The funny thing is that data deduplication storage systems work on sha-1 hashes ...

xorcist · on Oct 18, 2016

The risk that two blocks would hash identically by accident is astronomically small, but there is indeed some possibility that a skilled person might construct two blocks that do.

So as long as your data on disk hasn't evolved intelligence and actively tries to create two blocks with the same hash, your storage system is absolutely fine.

AgentME · on Oct 19, 2016

Well, and as long as you're not storing data from users and one uploads some data specifically constructed to collide.

tptacek · on Oct 18, 2016

Security systems must retain collision-resistance even in the presence of adversaries. If your design doesn't have adversaries, you can use cheaper, less secure hashes. Nobody would still recommend SHA-1, though.

khc · on Oct 19, 2016

That's not always true: Riverbed Whitewater (now Netapp AltaVault) uses sha256.

Source: I wrote that hash-based dedup code

sllabres · on Oct 19, 2016

Very interesting.

Can you tell why SHA256 was chosen? Was it because of the larger hash, or was it a requirement to have a cryptographic secure hash?

Do you know how the hash is used in the Netapp in regard to the remark MichaelMoser123 made: "(two blocks are considered equal if the hash is equal - most systems don't care to check for collisions" [...]

Is it (overoversimplifed ;):

  if sha256(a) == sha256(b)  {
    performDedup()
  [...]

Or is a compare added if the hashes found to be identical:

  if ( sha256(a) == sha256(b) and 
       byteCompare(a) == byteCompare(b) 
     ) {
    performDedup()
  [...]

khc · on Oct 26, 2016

sha256 was chosen over sha1 because of the larger hash space making collision much less likely. These systems can store 100s of TBs to PBs and at that number of hash blocks you have to start worrying about the birthday paradox.

radlad · on Oct 18, 2016

I think many systems use two hashing methods to verify this claim (e.g. SHA-1 and MD5.) Are there any known collisions that affect both algorithms?

yoha · on Oct 19, 2016

You are talking about making a combined hash function from MD5 and SHA-1. Keep in mind that it is not trivial. For instance, if you just output both SHA-1 and MD5, you are actually only as strong as the weakest hash function (trivially for preimage, but also true for collisions, see [1]).

If you are interested in hash function combiners, have a look at Robust Multi-Property Combiners for Hash Functions [2], a recent paper on the topic. It aims at getting several properties at the same time (preimage resistance, collision resistance). For simpler schemes with a single property, just explore the bibliography at the end of the paper.

[1] https://cryptopals.com/sets/7/challenges/52

[2] https://eprint.iacr.org/2016/723

xeeeeeeeeeeenu · on Oct 19, 2016

What you are saying is completely irrelevant, because we are talking about checksumming data, not hashing passwords.

AgentME · on Oct 19, 2016

Using two algorithms together is basically just creating a new hash algorithm (with a longer hash), which could also have collisions.

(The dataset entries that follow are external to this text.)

(* Let $n\ge1$. Every unitary on $n$ qubits of the form $C\,Z\,L$ (a $\textsc{P}$-layer $L$ applied first, then a $\textsc{CZ}$-layer $Z$, then a $\textsc{C}$-layer $C$; stage form -P-CZ-C-) can also be written as $Z'L'C'$ (stage form -C-P-CZ-) for some $\textsc{C}$-layer $C'$, $\textsc{P}$-layer $L'$ and $\textsc{CZ}$-layer $Z'$; and, since $\textsc{P}$-layers and $\textsc{CZ}$-layers commute, also in the stage forms -CZ-P-C- and -C-CZ-P-.
   Context: Gates: $\textsc{P}=\mathrm{diag}(1,i)$, $\textsc{CNOT}|a,b\rangle=|a,a\oplus b\rangle$, $\textsc{CZ}|a,b\rangle=(-1)^{ab}|a,b\rangle$. Layers on $n$ qubits: a $\textsc{P}$-layer is $\bigotimes_{j=1}^n \textsc{P}^{a_j}$ with $a_j\in\{0,1,2,3\}$; a $\textsc{C}$-layer is any unitary implemented by a circuit of $\textsc{CNOT}$ gates (equivalently $|x\rangle\mapsto|Ax\rangle$ for an invertible matrix $A$ over $\mathbb F_2$); a $\textsc{CZ}$-layer is any product of $\textsc{CZ}$ gates on pairs of the $n$ qubits. Stage notation -X-Y-Z- means X is applied first, then Y, then Z (operator product $ZYX$). *)

theory Defs
  imports Complex_Main "Jordan_Normal_Form.Matrix"
begin

text \<open>The computational basis state |x_0 ... x_(n-1)> is indexed by the natural
  number x < 2^n whose j-th binary digit (bit x j) is the value of qubit j.\<close>

definition qdim :: "nat \<Rightarrow> nat" where
  "qdim n = 2 ^ n"

text \<open>P-layer: tensor product over j < n of P^(a j), P = diag(1, i).\<close>
definition P_layer :: "nat \<Rightarrow> (nat \<Rightarrow> nat) \<Rightarrow> complex mat" where
  "P_layer n a = mat (qdim n) (qdim n)
     (\<lambda>(y, x). if y = x then (\<Prod>j<n. \<i> ^ (a j * (if bit x j then 1 else 0))) else 0)"

definition is_P_layer :: "nat \<Rightarrow> complex mat \<Rightarrow> bool" where
  "is_P_layer n L \<longleftrightarrow> (\<exists>a. (\<forall>j<n. a j \<in> {0,1,2,3}) \<and> L = P_layer n a)"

If you know a technique for making SHA-1 collisions and a technique for making MD5 collisions, it's probably possible to combine the techniques and make a collision for SHA-1-MD5.

geon · on Oct 19, 2016

AFAIK, no sha1 collissions have ever been observed.

mcpherrinm · on Oct 19, 2016

That probably won't be true in a year, though. That's why SHA1 deprecation is in full force.